The co-op was founded in 2015 in part by JoDee Moody, who said the event has grown substantially in size. The first year, potters made probably 300 bowls, she said.
“Then the next year it was 700, and then it was 1,500, and now we have so many we make every year because we know they go so fast,” Moody said.
The co-op hosts several “bowl-making parties,” Mannino said. Each artist will have their own style, but they will collaborate in order to make sure the bowls get trimmed and glazed in time for the event, she said.
“Pottery is an art form you can take in so many directions,” she said. “The trim, for example, is a good way to show your style as an artist because every artist makes theirs so different.”
Kim Forsberg attended with her daughter Maddie and their 12-week-old spaniel, Chewbacca, leaving with two armfuls of ceramic bowls.
“We got a big bowl for pasta and things like that, then some cereal bowls,” Forsberg said. “It’s just fun to be here again.”
More bowls also meant more planning for Sue Newman, another co-founder and the chair of the Scoops and Bowls planning committee on the co-op.

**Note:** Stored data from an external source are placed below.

text \<open>Multivariate polynomials over 'a: finitely supported maps from monomials
 (exponent vectors, variable i = x_(i+1)) to coefficients.\<close>

type_synonym 'a mpoly = "(nat \<Rightarrow>\<^sub>0 nat) \<Rightarrow>\<^sub>0 'a"

definition Var :: "nat \<Rightarrow> 'a::comm_ring_1 mpoly" where
  "Var i = Poly_Mapping.single (Poly_Mapping.single i 1) 1"

definition Const :: "'a::comm_ring_1 \<Rightarrow> 'a mpoly" where
  "Const c = Poly_Mapping.single 0 c"

definition mvars :: "'a::zero mpoly \<Rightarrow> nat set" where
  "mvars P = (\<Union>m\<in>Poly_Mapping.keys P. Poly_Mapping.keys m)"

definition in_ring :: "nat \<Rightarrow> 'a::zero mpoly \<Rightarrow> bool" where
  "in_ring n P \<longleftrightarrow> mvars P \<subseteq> {..<n}"

definition wdeg_mon :: "(nat \<Rightarrow> nat) \<Rightarrow> (nat \<Rightarrow>\<^sub>0 nat) \<Rightarrow> nat" where
  "wdeg_mon w m = (\<Sum>i\<in>Poly_Mapping.keys m. w i * Poly_Mapping.lookup m i)"

text \<open>weighted degree of a polynomial (0 for the zero polynomial)\<close>
definition wdeg :: "(nat \<Rightarrow> nat) \<Rightarrow> 'a::zero mpoly \<Rightarrow> nat" where
  "wdeg w P = Max (insert 0 (wdeg_mon w ` Poly_Mapping.keys P))"

definition deg1 :: "'a::zero mpoly \<Rightarrow> nat" where
  "deg1 P = wdeg (\<lambda>_. 1) P"

definition lead_form :: "(nat \<Rightarrow> nat) \<Rightarrow> 'a::comm_ring_1 mpoly \<Rightarrow> 'a mpoly" where
  "lead_form w P = (\<Sum>m\<in>{m\<in>Poly_Mapping.keys P. wdeg_mon w m = wdeg w P}. Poly_Mapping.single m (Poly_Mapping.lookup P m))"

definition hcomp :: "'a::comm_ring_1 mpoly \<Rightarrow> 'a mpoly" where
  "hcomp f = lead_form (\<lambda>_. 1) f"

definition subst :: "(nat \<Rightarrow> 'a::comm_ring_1 mpoly) \<Rightarrow> 'a mpoly \<Rightarrow> 'a mpoly" where
  "subst F P = (\<Sum>m\<in>Poly_Mapping.keys P. Const (Poly_Mapping.lookup P m) * (\<Prod>i\<in>Poly_Mapping.keys m. F i ^ Poly_Mapping.lookup m i))"

definition poly_automorphism :: "nat \<Rightarrow> (nat \<Rightarrow> 'a::comm_ring_1 mpoly) \<Rightarrow> bool" where
  "poly_automorphism n F \<longleftrightarrow> (\<forall>i<n. in_ring n (F i)) \<and>
     (\<exists>G. (\<forall>i<n. in_ring n (G i)) \<and>
          (\<forall>i<n. subst G (F i) = Var i) \<and> (\<forall>i<n. subst F (G i) = Var i))"

definition alg_closed :: "'a::field itself \<Rightarrow> bool" where
  "alg_closed _ \<longleftrightarrow> (\<forall>p::'a poly. degree p \<ge> 1 \<longrightarrow> (\<exists>x. poly p x = 0))"

end

theory Submission imports Defs begin

text \<open>Give \<open>x\<^sub>i\<close> the weight \<open>d\<^sub>i = deg\<^sub>1 f\<^sub>i\<close>. Since top-degree components of products
  multiply, substituting \<open>\<Phi>\<close> into a polynomial of weighted degree \<open>D\<close> gives a polynomial of
  standard degree at most \<open>D\<close> whose degree-\<open>D\<close> component is the leading form of \<open>P\<close> evaluated
  at the top components of the \<open>f\<^sub>i\<close>. If \<open>deg\<^sub>2 P \<ge> 2\<close>, that component of \<open>P \<circ> \<Phi>\<close> is zero because
  \<open>deg\<^sub>1 (P \<circ> \<Phi>) = 1\<close>. Otherwise \<open>deg\<^sub>1 P \<le> deg\<^sub>2 P \<le> 1\<close>, as every \<open>d\<^sub>i \<ge> 1\<close> for an automorphism.\<close>

definition weighted_part :: "(nat \<Rightarrow> nat) \<Rightarrow> nat \<Rightarrow> 'a::comm_ring_1 mpoly \<Rightarrow> 'a mpoly" where
  "weighted_part w k Q = (\<Sum>m\<in>{m\<in>Poly_Mapping.keys Q. wdeg_mon w m = k}.
      Poly_Mapping.single m (Poly_Mapping.lookup Q m))"

definition wdeg_le :: "(nat \<Rightarrow> nat) \<Rightarrow> nat \<Rightarrow> 'a::zero mpoly \<Rightarrow> bool" where
  "wdeg_le w e Q \<longleftrightarrow> (\<forall>m\<in>Poly_Mapping.keys Q. wdeg_mon w m \<le> e)"

definition subst_monom :: "(nat \<Rightarrow> 'a::comm_ring_1 mpoly) \<Rightarrow> (nat \<Rightarrow>\<^sub>0 nat) \<Rightarrow> 'a mpoly" where
  "subst_monom F m = (\<Prod>i\<in>Poly_Mapping.keys m. F i ^ Poly_Mapping.lookup m i)"

lemma subst_eq_sum_subst_monom:
  "subst F P = (\<Sum>m\<in>Poly_Mapping.keys P. Const (Poly_Mapping.lookup P m) * subst_monom F m)"
  unfolding subst_def subst_monom_def ..

lemma lead_form_eq_weighted_part: "lead_form w P = weighted_part w (wdeg w P) P"
  unfolding lead_form_def weighted_part_def ..

lemma hcomp_eq_weighted_part: "hcomp f = weighted_part (\<lambda>_. 1) (deg1 f) f"
  unfolding hcomp_def deg1_def lead_form_eq_weighted_part ..

lemma wdeg_mon_zero [simp]: "wdeg_mon w 0 = 0"
  by (simp add: wdeg_mon_def)

lemma wdeg_mon_superset:
  "finite S \<Longrightarrow> Poly_Mapping.keys m \<subseteq> S \<Longrightarrow> wdeg_mon w m = (\<Sum>i\<in>S. w i * Poly_Mapping.lookup m i)"
  unfolding wdeg_mon_def by (rule sum.mono_neutral_left) (auto simp: in_keys_iff)

lemma wdeg_mon_add: "wdeg_mon w (x + y) = wdeg_mon w x + wdeg_mon w y"
proof -
  let ?S = "Poly_Mapping.keys x \<union> Poly_Mapping.keys y"
  have "wdeg_mon w (x + y) = (\<Sum>i\<in>?S. w i * Poly_Mapping.lookup (x + y) i)"
    by (rule wdeg_mon_superset) (use keys_add[of x y] in auto)
  also have "\<dots> = (\<Sum>i\<in>?S. w i * Poly_Mapping.lookup x i) + (\<Sum>i\<in>?S. w i * Poly_Mapping.lookup y i)"
    by (simp add: lookup_add distrib_left sum.distrib)
  also have "\<dots> = wdeg_mon w x + wdeg_mon w y"
    by (subst (1 2) wdeg_mon_superset) auto
  finally show ?thesis .
qed

lemma wdeg_mon_mono:
  assumes "\<And>i. i \<in> Poly_Mapping.keys m \<Longrightarrow> v i \<le> w i"
  shows "wdeg_mon v m \<le> wdeg_mon w m"
  unfolding wdeg_mon_def using assms by (intro sum_mono mult_right_mono) auto

lemma wdeg_mon_le_wdeg: "m \<in> Poly_Mapping.keys P \<Longrightarrow> wdeg_mon w m \<le> wdeg w P"
  unfolding wdeg_def by (rule Max_ge) auto

lemma wdeg_le_wdeg: "wdeg_le w (wdeg w P) P"
  unfolding wdeg_le_def using wdeg_mon_le_wdeg by blast

lemma wdeg_le_iff: "wdeg_le w e P \<longleftrightarrow> wdeg w P \<le> e"
  unfolding wdeg_le_def wdeg_def by (subst Max_le_iff) auto

lemma deg1_le_wdeg:
  assumes "\<And>i. i \<in> mvars P \<Longrightarrow> 1 \<le> d i"
  shows "deg1 P \<le> wdeg d P"
  unfolding deg1_def wdeg_le_iff[symmetric] wdeg_le_def
proof
  fix m assume m: "m \<in> Poly_Mapping.keys P"
  have "wdeg_mon (\<lambda>_. 1) m \<le> wdeg_mon d m"
    using m assms by (intro wdeg_mon_mono) (auto simp: mvars_def)
  also have "\<dots> \<le> wdeg d P"
    using m by (rule wdeg_mon_le_wdeg)
  finally show "wdeg_mon (\<lambda>_. 1) m \<le> wdeg d P" .
qed

lemma keys_mult_wdeg_mon:
  assumes "m \<in> Poly_Mapping.keys (X * Y)"
  obtains a b where "a \<in> Poly_Mapping.keys X" "b \<in> Poly_Mapping.keys Y"
    "wdeg_mon w m = wdeg_mon w a + wdeg_mon w b"
  using keys_mult[of X Y] assms by (auto simp: wdeg_mon_add)

lemma wdeg_le_mult:
  fixes A B :: "'a::comm_ring_1 mpoly"
  assumes "wdeg_le w a A" "wdeg_le w b B"
  shows "wdeg_le w (a + b) (A * B)"
  unfolding wdeg_le_def
proof
  fix m assume "m \<in> Poly_Mapping.keys (A * B)"
  then obtain x y where "x \<in> Poly_Mapping.keys A" "y \<in> Poly_Mapping.keys B"
    "wdeg_mon w m = wdeg_mon w x + wdeg_mon w y"
    by (rule keys_mult_wdeg_mon)
  with assms show "wdeg_mon w m \<le> a + b"
    unfolding wdeg_le_def by (metis add_mono)
qed

lemma wdeg_le_power:
  fixes A :: "'a::comm_ring_1 mpoly"
  assumes "wdeg_le w a A"
  shows "wdeg_le w (k * a) (A ^ k)"
proof (induction k)
  case 0
  then show ?case by (simp add: wdeg_le_def)
next
  case (Suc k)
  then show ?case using wdeg_le_mult[OF assms] by simp
qed

lemma wdeg_le_prod:
  fixes F :: "nat \<Rightarrow> 'a::comm_ring_1 mpoly"
  assumes "\<And>i. i \<in> S \<Longrightarrow> wdeg_le w (a i) (F i)"
  shows "wdeg_le w (\<Sum>i\<in>S. a i) (\<Prod>i\<in>S. F i)"
  using assms
proof (induction S rule: infinite_finite_induct)
  case (insert x S)
  then show ?case by (simp add: wdeg_le_mult)
qed (simp_all add: wdeg_le_def)

lemma wdeg_le_subst_monom:
  assumes "\<And>i. wdeg_le w (d i) (F i)"
  shows "wdeg_le w (wdeg_mon d m) (subst_monom F m)"
proof -
  have "wdeg_le w (\<Sum>i\<in>Poly_Mapping.keys m. Poly_Mapping.lookup m i * d i) (subst_monom F m)"
    unfolding subst_monom_def by (intro wdeg_le_prod wdeg_le_power assms)
  then show ?thesis
    by (simp add: wdeg_mon_def mult.commute)
qed

lemma lookup_weighted_part:
  "Poly_Mapping.lookup (weighted_part w k Q) m = (if wdeg_mon w m = k then Poly_Mapping.lookup Q m else 0)"
proof -
  have "Poly_Mapping.lookup (weighted_part w k Q) m =
      (\<Sum>x\<in>{x\<in>Poly_Mapping.keys Q. wdeg_mon w x = k}. if x = m then Poly_Mapping.lookup Q x else 0)"
    unfolding weighted_part_def by (simp add: lookup_sum lookup_single when_def)
  then show ?thesis
    by (auto simp: sum.delta' in_keys_iff)
qed

lemma keys_weighted_part:
  "Poly_Mapping.keys (weighted_part w k Q) = {m\<in>Poly_Mapping.keys Q. wdeg_mon w m = k}"
  by (auto simp: in_keys_iff lookup_weighted_part split: if_splits)

lemma weighted_part_add: "weighted_part w k (A + B) = weighted_part w k A + weighted_part w k B"
  by (rule poly_mapping_eqI) (simp add: lookup_weighted_part lookup_add)

lemma weighted_part_sum: "weighted_part w k (sum f S) = (\<Sum>x\<in>S. weighted_part w k (f x))"
  by (rule poly_mapping_eqI) (simp add: lookup_weighted_part lookup_sum)

lemma lookup_Const_mult: "Poly_Mapping.lookup (Const c * X) m = c * Poly_Mapping.lookup X m"
  by (simp add: Const_def mult_map_scale_conv_mult[symmetric] map.rep_eq when_def)

lemma weighted_part_Const_mult: "weighted_part w k (Const c * X) = Const c * weighted_part w k X"
  by (rule poly_mapping_eqI) (simp add: lookup_weighted_part lookup_Const_mult)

The committee decided this year to add two rows of tables instead of one, and they also found a better way of scooping ice cream by slicing it with clay wire.
“This is the most efficient year. We’ve been able to cut down the lines so much,” Newman said. “It’s the best year for volunteers, in terms of numbers.”
The co-op is run entirely by volunteers, Moody said, who run the ice cream scooping and cashier stations. Setup starts around 7 a.m., and people often start lining up around 9:30 a.m., Mannino said.
The event serves as a fundraiser for the co-op, which will cover workshops and planning other community events. The holiday market runs every December, Mannino said, and includes pottery, prints and paintings from a variety of artists.
Nearly the entire inventory at Scoops and Bowls is ceramic bowls.
“There is a more concrete expectation at this event. You’re gonna get a good, really beautiful bowl at a discount, and there’s something really nice about the simplicity of that,” Mannino said.